Wednesday, October 21, 2009 | |

Odd and the Frost Giants by Neil Gaiman

Odd and the Frost Giants comes from Neil Gaiman, who is quickly climbing into my list of all-time favorite authors. I think he's great because it seems like he can write effectively for any audience, and this latest book seems to show that.

Odd is a small boy with a tough life. His father is gone, drowned, and all the vikings in the village he lives with are upset, having been beset with what seems a never-ending winter. Odd runs into a bear, an eagle and a fox, who are much more than they seem. Soon he's off on a quest to help the animals return to their home, the city of Asgard.

Make no mistake, this a very small book for younger children. That said, I loved every page. It's simple, wonderful writing that drew me in and gave me the chuckles at several points. There are a few jokes thrown into the book that are clearly of the Spongebob variety (jokes that seem to be pandering more to the adults in the room than the children watching the program) and I loved them all. The book was incredibly short, and clearly written for a different audience, so I'm having a hard time giving it a really in-depth review. I was surprised by the higher than usual level of vocabulary in the book, but maybe I just assume that little kids can't read at as high a level as they really do. Someone let me know, I'm not a teacher and don't have a child this age, so I'm only guessing.

Gaiman impressed me with The Graveyard Book last year, and has done it again this time, with a much smaller book for an even younger audience. I'm more and more impressed that the guy can write so well for just about any age group, and though I still haven't jumped into American Gods, it's definitely on the list. I hear I should also check out his Sandman graphic novels, so I'll be looking into those sometime next year.

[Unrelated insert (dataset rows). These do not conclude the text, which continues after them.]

(* Let $N\ge 2$, let $D_1^N,\ldots,D_N^N:\mathbb{R}_+^N\to\mathbb{R}$ satisfy (A1)–(A3) below, and let the lower-level demand functions $D^n_i$ ($1\le n\le N-1$, $1\le i\le n$) be defined by the consistency recursion below and satisfy (A4). Then for each $n$ the functions $D_i^n$, $i=1,\ldots,n$, are smooth in all variables and satisfy $\partial D_i^n/\partial p_j>0$ for $j\ne i$; they inherit the exchangeability property (A2) (with $N$ replaced by $n$); and for every price vector $p$ with $p_1\le p_2\le\cdots\le p_N$ and every $1\le n\le N$, $$D_1^n(p_1,\ldots,p_n)\ge D_2^n(p_1,\ldots,p_n)\ge\cdots\ge D_n^n(p_1,\ldots,p_n).$$
   Context: (A1) Each $D_i^N$ is smooth, $D_N^N(0,\ldots,0)>0$, $\partial D_i^N/\partial p_i<0$, and $\partial D_i^N/\partial p_j>0$ for $j\ne i$. (A2) Exchangeability: $D_i^N(p_1,\ldots,p_i,\ldots,p_j,\ldots,p_N)=D_j^N(p_1,\ldots,p_j,\ldots,p_i,\ldots,p_N)$ for all $i,j$ (entries $i,j$ swapped), hence $D_i^N$ is invariant under permutations of the other firms' prices. (A3) For every $i$ and every vector of the other prices there is a finite choke price at which $D_i^N=0$. Consistency recursion: for $n=N-1,\ldots,1$, $D_i^n(p_1,\ldots,p_n)=D_i^{n+1}(p_1,\ldots,p_n,\hat p_{n+1})$ for $i\le n$, where $\hat p_{n+1}(p_1,\ldots,p_n)$ is the (finite) price with $D^{n+1}_{n+1}(p_1,\ldots,p_n,\hat p_{n+1})=0$. (A4) $\partial D^n_i/\partial p_i<0$ for all $n\le N-1$ and $i\le n$. *)

theory Defs
  imports "HOL-Analysis.Analysis"
begin

text \<open>Price vectors of n firms are encoded as functions nat => real whose
  coordinates 1..n are the prices and which vanish outside {1..n}.\<close>

definition orthant :: "nat \<Rightarrow> (nat \<Rightarrow> real) set" where
  "orthant n = {p. (\<forall>j\<in>{1..n}. 0 \<le> p j) \<and> (\<forall>j. j \<notin> {1..n} \<longrightarrow> p j = 0)}"

definition restr :: "nat \<Rightarrow> (nat \<Rightarrow> real) \<Rightarrow> (nat \<Rightarrow> real)" where
  "restr n p = (\<lambda>j. if j \<in> {1..n} then p j else 0)"

text \<open>d is the partial derivative of f with respect to the j-th variable at p,
  relative to the domain S (one-sided on the boundary of the orthant).\<close>

definition has_partial ::
  "((nat \<Rightarrow> real) \<Rightarrow> real) \<Rightarrow> nat \<Rightarrow> real \<Rightarrow> (nat \<Rightarrow> real) \<Rightarrow> (nat \<Rightarrow> real) set \<Rightarrow> bool" where
  "has_partial f j d p S \<longleftrightarrow>
     ((\<lambda>t. f (p(j := t))) has_real_derivative d) (at (p j) within {t. p(j := t) \<in> S})"

definition smooth_on_orthant :: "nat \<Rightarrow> ((nat \<Rightarrow> real) \<Rightarrow> real) \<Rightarrow> bool" where
  "smooth_on_orthant n f \<longleftrightarrow>
     (\<exists>F :: nat list \<Rightarrow> (nat \<Rightarrow> real) \<Rightarrow> real.
        (\<forall>p\<in>orthant n. F [] p = f p) \<and>
        (\<forall>js. set js \<subseteq> {1..n} \<longrightarrow>
           continuous_on (orthant n) (F js) \<and>
           (\<forall>j\<in>{1..n}. \<forall>p\<in>orthant n. has_partial (F js) j (F (j # js) p) p (orthant n))))"

end

theory Submission
  imports Defs
begin

text \<open>Going down from N firms, the level-n demands are the level-(n+1) demands
  evaluated at the choke price of firm n+1, the unique zero of the strictly decreasing
  map t \<mapsto> D^{n+1}_{n+1}(p, t). The implicit function argument is carried out by hand:
  the choke price is continuous by a sign argument and differentiable by the mean value
  theorem with slope -H_j/H_{n+1}, and smoothness is characterised coinductively as
  membership in a class of continuous functions closed under partial differentiation.
  The chain rule G_j - G_{n+1} H_j/H_{n+1} then gives positive cross partials,
  uniqueness of the choke price gives exchangeability, and for ordered prices the
  demand of firm i+1 equals that of firm i with the two prices swapped, which can only
  decrease it since D_i falls in p_i and rises in p_{i+1}.\<close>

lemma orthant_upd_iff:
  assumes "p \<in> orthant n" "j \<in> {1..n}"
  shows "p(j := t) \<in> orthant n \<longleftrightarrow> t \<ge> 0"
  using assms unfolding orthant_def by auto

lemma orthant_nonneg: "p \<in> orthant n \<Longrightarrow> j \<in> {1..n} \<Longrightarrow> p j \<ge> 0"
  unfolding orthant_def by auto

lemma orthant_extend: "p \<in> orthant n \<Longrightarrow> t \<ge> 0 \<Longrightarrow> p(Suc n := t) \<in> orthant (Suc n)"
  unfolding orthant_def by auto

lemma orthant_upd_extend:
  "p \<in> orthant n \<Longrightarrow> j \<in> {1..n} \<Longrightarrow> s \<ge> 0 \<Longrightarrow> t \<ge> 0 \<Longrightarrow> p(j := s, Suc n := t) \<in> orthant (Suc n)"
  using orthant_extend orthant_upd_iff by blast

lemma orthant_swap:
  "p \<in> orthant n \<Longrightarrow> i \<in> {1..n} \<Longrightarrow> j \<in> {1..n} \<Longrightarrow> p(i := p j, j := p i) \<in> orthant n"
  unfolding orthant_def by auto

lemma restr_in_orthant: "p \<in> orthant N \<Longrightarrow> restr n p \<in> orthant n"
  unfolding orthant_def restr_def by auto

lemma has_partial_orthant_iff:
  assumes "p \<in> orthant n" "j \<in> {1..n}"
  shows "has_partial f j d p (orthant n) \<longleftrightarrow>
    ((\<lambda>t. f (p(j := t))) has_real_derivative d) (at (p j) within {0..})"
proof -
  have "{t. p(j := t) \<in> orthant n} = {0..}"
    using orthant_upd_iff[OF assms] by auto
  then show ?thesis
    unfolding has_partial_def by simp
qed
(* Let $n\ge2$, $\gamma\in\,]0,1]$, $p\in[1,\infty[$, and let $\Omega$ be a bounded domain in $\mathbb{R}^n$. Assume that there exists $c_0>0$ such that $|B_\gamma(x,r)\cap\Omega|\ge c_0 r^{n_\gamma}$ for all $x\in\overline\Omega$ and all $0<r\le \operatorname{diam}_{\delta_\gamma}\Omega$. Assume moreover that there are constants $\tau\ge1$, $\tilde\eta>0$ and $c_p>0$ such that the Poincaré inequality $$\frac{1}{|\Omega\cap B_\gamma(x,r)|}\int_{\Omega\cap B_\gamma(x,r)}\bigl|f-f_{\Omega\cap B_\gamma(x,r)}\bigr|\,dy\le c_p\, r^{\tilde\eta}\left(\frac{1}{|\Omega\cap B_\gamma(x,\tau r)|}\int_{\Omega\cap B_\gamma(x,\tau r)}|\nabla f|^p\,dy\right)^{1/p}$$ holds for all $f\in W^1_p(\Omega)$, all $x\in\Omega$ and all $r>0$, where $f_E=\frac{1}{|E|}\int_E f$. Let $\lambda>0$ satisfy $p\tilde\eta>n_\gamma-\lambda$. Then there exists $c>0$ such that for every $f\in W^{1,\lambda}_{p,\gamma}(\Omega)$ (identified with its continuous representative) and all $x,y\in\Omega$, $$|f(x)-f(y)|\le c\,\|f\|_{W^{1,\lambda}_{p,\gamma}(\Omega)}\bigl(|\bar x-\bar y|^\gamma+|x_n-y_n|\bigr)^{\tilde\eta+\frac{\lambda-n_\gamma}{p}} .$$
   Context: Points of $\mathbb{R}^n$ are written $x=(\bar x,x_n)$, $\bar x\in\mathbb{R}^{n-1}$. $\delta_\gamma(x,y)=\max\{|\bar x-\bar y|^\gamma,|x_n-y_n|\}$, $B_\gamma(x,r)=\{y:\delta_\gamma(x,y)<r\}$, $\operatorname{diam}_{\delta_\gamma}\Omega$ is the diameter of $\Omega$ in the metric $\delta_\gamma$, and $n_\gamma=\frac{n-1}{\gamma}+1$. For $\lambda\ge0$ and $g\in L^p(\Omega)$, $\|g\|_{L^\lambda_{p,\gamma}(\Omega)}=\sup_{x\in\Omega}\sup_{r>0}\bigl(\frac{1}{\min\{r^\lambda,1\}}\int_{B_\gamma(x,r)\cap\Omega}|g|^p\bigr)^{1/p}$, and $L^\lambda_{p,\gamma}(\Omega)$ is the space where this is finite. For $l\in\mathbb{N}$, $W^{l,\lambda}_{p,\gamma}(\Omega)=\{f\in L^p(\Omega): D^\alpha f\in L^\lambda_{p,\gamma}(\Omega)\ \forall |\alpha|\le l\}$ with norm $\sum_{|\alpha|\le l}\|D^\alpha f\|_{L^\lambda_{p,\gamma}(\Omega)}$ (weak derivatives). *)

theory Defs
  imports "HOL-Analysis.Analysis"
begin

Odd and the Frost Giants (9/10) is a fun and quick adventure for a young audience. I'd guess that ages 8-10 should really enjoy this book, though I'm 25 and had a great time. If you're an adult and have about 45 minutes to kill, pick this one up. Gaiman wrote this book for World Book Day, to promote reading, and has stated that he would perhaps eventually return to the world to write more books about Odd. I'd certainly return to read them.